London Buses route 465 is a joint Transport for London and Surrey County Council contracted bus route in London and Surrey, England. Running between Cromwell Road bus station and Dorking, it is operated by Transport UK London Bus.

The route extends the furthest from London of all Transport for London routes.

==History==
From around the mid-1990s, service 465 was operated by London & Country. Upon being re-tendered, it passed to Tellings-Golden Miller on 1 May 1999 and was extended past Kingston to Tellings' Fulwell Bus Garage. On 17 June 2005, route 465 was included in the sale of Tellings-Golden Miller to Travel London.

In May 2006 the route was curtailed at Kingston and replaced by a new, less frequent route 481, despite a protest by a local group to keep the service.

Upon being re-tendered, on 30 June 2007 the route passed to Arriva Guildford & West Surrey. The contract change also saw the route withdrawn from Penrhyn Road in Kingston, due to complaints from residents over the number of buses using the road. The replacement route is via Surbiton Road and Portsmouth Road.

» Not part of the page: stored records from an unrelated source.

lemma subgroup_wperm_Gset: "subgroup (wperm (Suc k) ` Gset (Suc k)) (alt_group (2 ^ Suc k))"
proof (rule group.subgroupI[OF alt_group_is_group])
  note GB = Gset_subset_Bset[of k]
  show "wperm (Suc k) ` Gset (Suc k) \<subseteq> carrier (alt_group (2 ^ Suc k))"
    using GB wperm_in_alt_group_iff by blast
  show "wperm (Suc k) ` Gset (Suc k) \<noteq> {}"
    using wone_in_Gset by blast
  show "a \<otimes>\<^bsub>alt_group (2 ^ Suc k)\<^esub> b \<in> wperm (Suc k) ` Gset (Suc k)"
    if ab: "a \<in> wperm (Suc k) ` Gset (Suc k)" "b \<in> wperm (Suc k) ` Gset (Suc k)" for a b
  proof -
    obtain g h where gh: "g \<in> Gset (Suc k)" "h \<in> Gset (Suc k)"
      and "a = wperm (Suc k) g" "b = wperm (Suc k) h"
      using ab by blast
    moreover have "g \<in> Bset (Suc k)" "h \<in> Bset (Suc k)"
      using gh GB by blast+
    ultimately have "a \<otimes>\<^bsub>alt_group (2 ^ Suc k)\<^esub> b = wperm (Suc k) (wmult g h)"
      by (simp add: alt_group_mult wperm_wmult)
    then show ?thesis
      using wmult_in_Gset[OF gh] by blast
  qed
  show "inv\<^bsub>alt_group (2 ^ Suc k)\<^esub> a \<in> wperm (Suc k) ` Gset (Suc k)"
    if a: "a \<in> wperm (Suc k) ` Gset (Suc k)" for a
  proof -
    obtain g where g: "g \<in> Gset (Suc k)" "a = wperm (Suc k) g"
      using a by blast
    have "g \<in> Bset (Suc k)" "winv g \<in> Bset (Suc k)"
      using g(1) GB winv_in_Bset by blast+
    then have "inv' a = wperm (Suc k) (winv g)"
      by (intro inv_unique_comp)
        (simp_all add: g(2) wmult_winv wmult_winv_left wperm_wone flip: wperm_wmult)
    then show ?thesis
      using g \<open>g \<in> Bset (Suc k)\<close> winv_in_Gset alt_group_inv_equality wperm_in_alt_group_iff by auto
  qed
qed

theorem mainTheorem13:
  fixes k :: nat
  assumes "k \<ge> 1"
  shows "\<exists>H. sylow_subgroup 2 H (alt_group (2 ^ k))
             \<and> Ggrp k \<cong> (alt_group (2 ^ k))\<lparr>carrier := H\<rparr>"
proof -
  obtain j where k: "k = Suc j"
    using assms by (cases k) auto
  define H where "H = wperm k ` Gset k"
  have inj: "inj_on (wperm k) (Gset k)"
    unfolding k using inj_on_wperm Gset_subset_Bset by (rule inj_on_subset)
  have "2 \<le> (2::nat) ^ k"
    using k by simp
  then have "multiplicity 2 (order (alt_group (2 ^ k))) = 2 ^ k - 2"
    using multiplicity_two_order_alt_group multiplicity_two_fact_power_two
    by (metis diff_Suc_1 diff_diff_left one_add_one plus_1_eq_Suc)
  moreover have "card H = 2 ^ (2 ^ k - 2)"
    unfolding H_def card_image[OF inj] unfolding k by (rule card_Gset)
  ultimately have "sylow_subgroup 2 H (alt_group (2 ^ k))"
    using subgroup_wperm_Gset unfolding sylow_subgroup_def H_def k by simp
  moreover have "wperm k \<in> iso (Ggrp k) ((alt_group (2 ^ k))\<lparr>carrier := H\<rparr>)"
    using inj Gset_iff_evenperm
    by (auto simp: iso_def hom_def Ggrp_def bij_betw_def H_def alt_group_mult k wperm_wmult)
  ultimately show ?thesis
    using is_isoI by blast
qed

end
(* (a) For every real $\alpha\le -1$, $\mathcal{M}_\alpha\subset\mathcal{U}$. (b) For every $\alpha$ with $0\le\alpha\le 1$, $\mathcal{M}_\alpha$ is not a subset of $\mathcal{U}$.
   Context: Let $\mathbb{D}=\{z\in\mathbb{C}:|z|<1\}$ and let $\mathcal{A}$ be the family of functions $f$ analytic in $\mathbb{D}$ with $f(0)=0$, $f'(0)=1$. The class $\mathcal{U}$ consists of all $f\in\mathcal{A}$ such that $\left|\left[\frac{z}{f(z)}\right]^2 f'(z)-1\right|<1$ for all $z\in\mathbb{D}$. For real $\alpha$, the class $\mathcal{M}_\alpha$ of $\alpha$-convex functions consists of all $f\in\mathcal{A}$ with $\frac{f(z)f'(z)}{z}\ne 0$ for $z\in\mathbb{D}$ and $$\operatorname{Re}\left\{(1-\alpha)\frac{zf'(z)}{f(z)}+\alpha\left[1+\frac{zf''(z)}{f'(z)}\right]\right\}>0\quad (z\in\mathbb{D}).$$ *)

theory Defs
  imports "HOL-Complex_Analysis.Complex_Analysis"
begin

definition classA :: "(complex \<Rightarrow> complex) set" where
  "classA = {f. f analytic_on ball 0 1 \<and> f 0 = 0 \<and> deriv f 0 = 1}"

text \<open>At z = 0 the expression (z/f z)^2 f'(z) is understood as its removable
  value 1, so the defining inequality is imposed for z \<noteq> 0 only.\<close>
definition classU :: "(complex \<Rightarrow> complex) set" where
  "classU = {f \<in> classA. \<forall>z\<in>ball 0 1. z \<noteq> 0 \<longrightarrow>
      cmod ((z / f z)^2 * deriv f z - 1) < 1}"

text \<open>f(z) f'(z)/z \<noteq> 0 on the disc means f z \<noteq> 0 for z \<noteq> 0 and f' z \<noteq> 0
  (at z = 0 the quotient has value f'(0)^2 = 1). At z = 0 the real-part
  expression equals 1 > 0 automatically, so it is imposed for z \<noteq> 0.\<close>
definition alpha_convex :: "real \<Rightarrow> (complex \<Rightarrow> complex) set" where
  "alpha_convex \<alpha> = {f \<in> classA.
      (\<forall>z\<in>ball 0 1. z \<noteq> 0 \<longrightarrow> f z \<noteq> 0) \<and>
      (\<forall>z\<in>ball 0 1. deriv f z \<noteq> 0) \<and>
      (\<forall>z\<in>ball 0 1. z \<noteq> 0 \<longrightarrow>
         Re ((1 - of_real \<alpha>) * (z * deriv f z / f z)
             + of_real \<alpha> * (1 + z * deriv (deriv f) z / deriv f z)) > 0)}"

end

theory Submission
  imports Defs
begin

text \<open>Every \<open>\<alpha>\<close>-convex function is starlike: at the first point \<open>z0\<close> where \<open>Re (z f'/f)\<close>
  vanishes, \<open>z p'\<close> is real for \<open>p = z f'/f\<close>, so the \<open>\<alpha>\<close>-convexity expression
  \<open>p + \<alpha> z p'/p\<close> is purely imaginary there.

  For \<open>\<alpha> \<le> -1\<close> write \<open>(z/f)\<^sup>2 f' = 1 - \<omega>\<close>, where \<open>\<omega>\<close> has a double zero at \<open>0\<close>. If \<open>|\<omega>|\<close>
  reached \<open>1\<close>, Jack's lemma at the first such point gives \<open>z \<omega>' = k \<omega>\<close> with \<open>k \<ge> 2\<close>, and
  there the \<open>\<alpha>\<close>-convexity expression has real part \<open>(1 + \<alpha>) Re (z f'/f) + \<alpha> (k/2 - 1) \<le> 0\<close>.

  For \<open>0 \<le> \<alpha> \<le> 1\<close>, the convex (hence \<open>\<alpha>\<close>-convex) function \<open>-log (1 - z)\<close> violates the
  defining inequality of \<open>classU\<close> near \<open>z = 1\<close>.\<close>

text \<open>At a maximum of \<open>Re g\<close> over the closed disc of radius \<open>|z0|\<close>, the derivative of \<open>Re g\<close>
  along the circle vanishes and the one along the radius is nonnegative.\<close>
lemma max_Re_imp_radial_deriv_nonneg_Reals:
  fixes g :: "complex \<Rightarrow> complex"
  assumes der: "(g has_field_derivative g') (at z0)"
    and max: "\<And>z. norm z \<le> norm z0 \<Longrightarrow> Re (g z) \<le> Re (g z0)"
  shows "z0 * g' \<in> \<real>\<^sub>\<ge>\<^sub>0"
proof -
  have along: "((\<lambda>t. Re (g (c t))) has_field_derivative Re (v * g')) (at t)"
    if "(c has_vector_derivative v) (at t)" "c t = z0" for c :: "real \<Rightarrow> complex" and v t
  proof -
    have "((g \<circ> c) has_vector_derivative (v * g')) (at t)"
      by (rule field_vector_diff_chain_at[OF that(1)]) (use der that(2) in simp)
    from has_field_derivative_Re[OF this] show ?thesis
      by (simp only: o_def)
  qed
  define tangent where "tangent = (\<lambda>t::real. z0 * exp (\<i> * of_real t))"
  have "((\<lambda>x. z0 * exp (\<i> * x)) has_field_derivative z0 * \<i>) (at (of_real 0))"
    by (rule derivative_eq_intros refl | simp)+
  then have "(tangent has_vector_derivative z0 * \<i>) (at 0)"
    unfolding tangent_def using has_vector_derivative_real_field by fastforce
  from along[OF this] have "Re (z0 * \<i> * g') = 0"
  proof (rule DERIV_local_max[of _ _ _ 1])
    show "\<forall>y. \<bar>0 - y\<bar> < 1 \<longrightarrow> Re (g (tangent y)) \<le> Re (g (tangent 0))"
      using max by (auto simp: tangent_def norm_mult)
  qed (auto simp: tangent_def)
  then have Im: "Im (z0 * g') = 0"
    by simp
  define radial where "radial = (\<lambda>t::real. of_real t * z0)"
  have "((\<lambda>x. x * z0) has_field_derivative z0) (at (of_real 1))"
    by (rule derivative_eq_intros refl | simp)+
  then have "(radial has_vector_derivative z0) (at 1)"
    unfolding radial_def using has_vector_derivative_real_field by fastforce
  from along[OF this] have radial_der: "((\<lambda>t. Re (g (radial t))) has_real_derivative Re (z0 * g')) (at 1)"
    by (simp add: radial_def)
  have "Re (z0 * g') \<ge> 0"
  proof (rule ccontr)
    assume "\<not> Re (z0 * g') \<ge> 0"
    then obtain d where d: "d > 0" "\<And>h. h > 0 \<Longrightarrow> h < d \<Longrightarrow> Re (g (radial 1)) < Re (g (radial (1 - h)))"
      using DERIV_neg_dec_left[OF radial_der] by force
    define h where "h = min (d / 2) (1 / 2)"
    have h: "0 < h" "h < d" "1 - h \<le> 1" "0 \<le> 1 - h"
      using d by (auto simp: h_def)
    then have "norm (radial (1 - h)) \<le> norm z0"
      unfolding radial_def norm_mult norm_of_real by (simp add: mult_left_le_one_le)
    then have "Re (g (radial (1 - h))) \<le> Re (g (radial 1))"
      using max by (simp add: radial_def)
    with d(2)[OF h(1,2)] show False
      by simp
  qed
  with Im show ?thesis
    by (simp add: complex_nonneg_Reals_iff)
qed
text \<open>The neighbourhood of a countably covered set is countably covered: its balls can be
  replaced by countably many balls with centres in a countable dense set and rational radii.\<close>

lemma (in Metric_space) countably_covered_covered_neighbourhood:
  assumes "countably_covered mtopology A"
  shows "countably_covered mtopology (covered_neighbourhood A)"
proof -
  obtain C where C: "countable C" "C \<subseteq> M" "A \<subseteq> mtopology closure_of C"
    using assms unfolding countably_covered_def by auto
  define K where "K = {(c, q). c \<in> C \<and> q \<in> \<rat> \<and> countably_covered mtopology (mball c q)}"
  have "K \<subseteq> C \<times> \<rat>" unfolding K_def by blast
  then have "countable K"
    using countable_SIGMA[OF C(1) countable_rat] by (rule countable_subset)
  moreover have "countably_covered mtopology (mball (fst k) (snd k))" if "k \<in> K" for k
    using that unfolding K_def by auto
  ultimately have covered: "countably_covered mtopology (\<Union>k\<in>K. mball (fst k) (snd k))"
    by (rule countably_covered_UN)
  have "covered_neighbourhood A \<subseteq> (\<Union>k\<in>K. mball (fst k) (snd k))"
  proof
    fix z assume "z \<in> covered_neighbourhood A"
    then obtain y r where y: "y \<in> A" and r: "0 < r"
      and big: "countably_covered mtopology (mball y (2 * r))" and z: "z \<in> mball y r"
      unfolding covered_neighbourhood_def by blast
    have "y \<in> mtopology closure_of C" using y C(3) by blast
    moreover have "y \<in> mball y (r / 4)" using z r by auto
    ultimately obtain c where c: "c \<in> C" "c \<in> mball y (r / 4)"
      unfolding in_closure_of using openin_mball by blast
    obtain q where q: "q \<in> \<rat>" "5 * r / 4 < q" "q < 7 * r / 4"
      using Rats_dense_in_real[of "5 * r / 4" "7 * r / 4"] r by auto
    have "d c y < r / 4" using c(2) commute by simp
    then have "mball c q \<subseteq> mball y (2 * r)" using q z by (intro mball_subset) auto
    then have "(c, q) \<in> K" using countably_covered_mono[OF big] c(1) q(1) by (simp add: K_def)
    moreover have "z \<in> mball c q"
      using triangle[of c y z] c(2) z \<open>d c y < r / 4\<close> q(2) by auto
    ultimately show "z \<in> (\<Union>k\<in>K. mball (fst k) (snd k))" by force
  qed
  with covered show ?thesis by (rule countably_covered_mono)
qed

lemma (in Metric_space) covered_neighbourhood_absorbs:
  assumes z: "z \<in> M" and s: "0 < s" and covered: "countably_covered mtopology (mball z s)"
    and y: "y \<in> A" "y \<in> M" "d y z < s / 5"
  shows "mball z (s / 5) \<subseteq> covered_neighbourhood A"
proof -
  have "mball y (2 * (2 * s / 5)) \<subseteq> mball z s" using y z by (intro mball_subset) auto
  then have "countably_covered mtopology (mball y (2 * (2 * s / 5)))"
    using covered by (rule countably_covered_mono[rotated])
  then have "mball y (2 * s / 5) \<in> {mball y r | y r. y \<in> A \<and> 0 < r \<and>
      countably_covered mtopology (mball y (2 * r))}"
    by (intro CollectI exI[of _ y] exI[of _ "2 * s / 5"]) (use y(1) s in auto)
  then have "mball y (2 * s / 5) \<subseteq> covered_neighbourhood A"
    unfolding covered_neighbourhood_def by (rule Union_upper)
  moreover have "mball z (s / 5) \<subseteq> mball y (2 * s / 5)"
    using y z by (intro mball_subset) (auto simp: commute)
  ultimately show ?thesis by blast
qed

lemma (in Metric_space) covered_neighbourhood_chain_absorbs:
  assumes ball: "\<And>x. x \<in> M \<Longrightarrow> \<exists>s>0. countably_covered mtopology (mball x s)"
    and A_sub: "\<And>k. A k \<subseteq> M" and A_Suc: "\<And>k. A (Suc k) = covered_neighbourhood (A k)"
    and z: "z \<in> M"
  obtains r where "0 < r" and "\<And>k y. y \<in> A k \<Longrightarrow> d y z < r \<Longrightarrow> mball z r \<subseteq> (\<Union>k. A k)"
proof -
  obtain s where s: "0 < s" "countably_covered mtopology (mball z s)" using ball[OF z] by blast
  show ?thesis
  proof (rule that[of "s / 5"])
    show "0 < s / 5" using s by simp
    fix k y assume "y \<in> A k" "d y z < s / 5"
    then have "mball z (s / 5) \<subseteq> A (Suc k)"
      unfolding A_Suc using z s A_sub by (intro covered_neighbourhood_absorbs) auto
    then show "mball z (s / 5) \<subseteq> (\<Union>k. A k)" by blast
  qed
qed

lemma (in Metric_space) covered_neighbourhood_chain_open:
  assumes ball: "\<And>x. x \<in> M \<Longrightarrow> \<exists>s>0. countably_covered mtopology (mball x s)"
    and A_sub: "\<And>k. A k \<subseteq> M" and A_Suc: "\<And>k. A (Suc k) = covered_neighbourhood (A k)"
  shows "openin mtopology (\<Union>k. A k)"
  unfolding openin_mtopology
proof (intro conjI allI impI)
  show "(\<Union>k. A k) \<subseteq> M" using A_sub by blast
  fix z assume "z \<in> (\<Union>k. A k)"
  then obtain k where k: "z \<in> A k" by blast
  with A_sub have z: "z \<in> M" by blast
  obtain r where r: "0 < r" and sub: "\<And>k y. y \<in> A k \<Longrightarrow> d y z < r \<Longrightarrow> mball z r \<subseteq> (\<Union>k. A k)"
    using covered_neighbourhood_chain_absorbs[of A, OF ball A_sub A_Suc z] by blast
  have "mball z r \<subseteq> (\<Union>k. A k)" using sub[OF k] z r by simp
  with r show "\<exists>r>0. mball z r \<subseteq> (\<Union>k. A k)" by blast
qed

lemma (in Metric_space) covered_neighbourhood_chain_closed:
  assumes ball: "\<And>x. x \<in> M \<Longrightarrow> \<exists>s>0. countably_covered mtopology (mball x s)"
    and A_sub: "\<And>k. A k \<subseteq> M" and A_Suc: "\<And>k. A (Suc k) = covered_neighbourhood (A k)"
  shows "closedin mtopology (\<Union>k. A k)"
  unfolding closure_of_subset_eq[symmetric]
proof
  show "(\<Union>k. A k) \<subseteq> topspace mtopology" using A_sub by auto
  show "mtopology closure_of (\<Union>k. A k) \<subseteq> (\<Union>k. A k)"
  proof
    fix z assume z_cl: "z \<in> mtopology closure_of (\<Union>k. A k)"
    then have z: "z \<in> M" using closure_of_subset_topspace by fastforce
    obtain r where r: "0 < r" and sub: "\<And>k y. y \<in> A k \<Longrightarrow> d y z < r \<Longrightarrow> mball z r \<subseteq> (\<Union>k. A k)"
      using covered_neighbourhood_chain_absorbs[of A, OF ball A_sub A_Suc z] by blast
    have z_ball: "z \<in> mball z r" using z r by simp
    then obtain y where y: "y \<in> (\<Union>k. A k)" "y \<in> mball z r"
      using z_cl openin_mball unfolding in_closure_of by blast
    then obtain k where "y \<in> A k" by blast
    moreover have "d y z < r" using y(2) commute by simp
    ultimately have "mball z r \<subseteq> (\<Union>k. A k)" by (rule sub)
    with z_ball show "z \<in> (\<Union>k. A k)" by blast
  qed
qed

text \<open>A connected, locally separable metric space is separable: the union of the iterated
  neighbourhoods of a point is countably covered, open and closed.\<close>

theorem (in Metric_space) connected_locally_separable_imp_separable:
  assumes connected: "connected_space mtopology"
    and local: "\<And>x. x \<in> M \<Longrightarrow> \<exists>U. openin mtopology U \<and> x \<in> U \<and> separable_space (subtopology mtopology U)"
  shows "separable_space mtopology"
proof (cases "M = {}")
  case True
  then show ?thesis unfolding separable_space_def topspace_mtopology by (intro exI[of _ "{}"]) auto
next
  case False
  then obtain x\<^sub>0 where x\<^sub>0: "x\<^sub>0 \<in> M" by blast
  have ball: "\<exists>s>0. countably_covered mtopology (mball x s)" if x: "x \<in> M" for x
  proof -
    obtain U where U: "openin mtopology U" "x \<in> U" "separable_space (subtopology mtopology U)"
      using local[OF x] by blast
    obtain s where "0 < s" "mball x s \<subseteq> U" using U(1,2) openin_mtopology by blast
    then show ?thesis
      using countably_covered_mono[OF countably_covered_separable_open[OF U(1,3)]] by blast
  qed
  define A where "A k = (covered_neighbourhood ^^ k) {x\<^sub>0}" for k
  have A_Suc: "A (Suc k) = covered_neighbourhood (A k)" for k by (simp add: A_def)
  have A_sub: "A k \<subseteq> M" for k
    using x\<^sub>0 covered_neighbourhood_subset by (cases k) (auto simp: A_def)
  have A_covered: "countably_covered mtopology (A k)" for k
  proof (induction k)
    case 0
    have "{x\<^sub>0} \<subseteq> mtopology closure_of {x\<^sub>0}" using x\<^sub>0 by (intro closure_of_subset) simp
    then show ?case using x\<^sub>0 unfolding countably_covered_def A_def by (intro exI[of _ "{x\<^sub>0}"]) auto
  next
    case (Suc k)
    then show ?case unfolding A_Suc by (rule countably_covered_covered_neighbourhood)
  qed
  have "(\<Union>k. A k) \<noteq> {}" using x\<^sub>0 by (auto simp: A_def intro: exI[of _ 0])
  with covered_neighbourhood_chain_open[of A, OF ball A_sub A_Suc]
    covered_neighbourhood_chain_closed[of A, OF ball A_sub A_Suc]
  have "(\<Union>k. A k) = M"
    using connected unfolding connected_space_clopen_in topspace_mtopology by metis
  moreover have "countably_covered mtopology (\<Union>k. A k)"
    by (rule countably_covered_UN) (auto intro: A_covered)
  ultimately show ?thesis by (simp add: separable_space_iff_countably_covered)
qed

On 3 October 2009, route 465 was included in the sale of Arriva Guildford & West Surrey's Horsham operation to Metrobus. It was the only Transport for London contract to be worked out of the company's Crawley garage.

Upon being re-tendered, on 30 June 2012 the route passed to Quality Line with Optare Versas.

On 25 April 2020, the route was transferred with routes 406 and 418 to London United.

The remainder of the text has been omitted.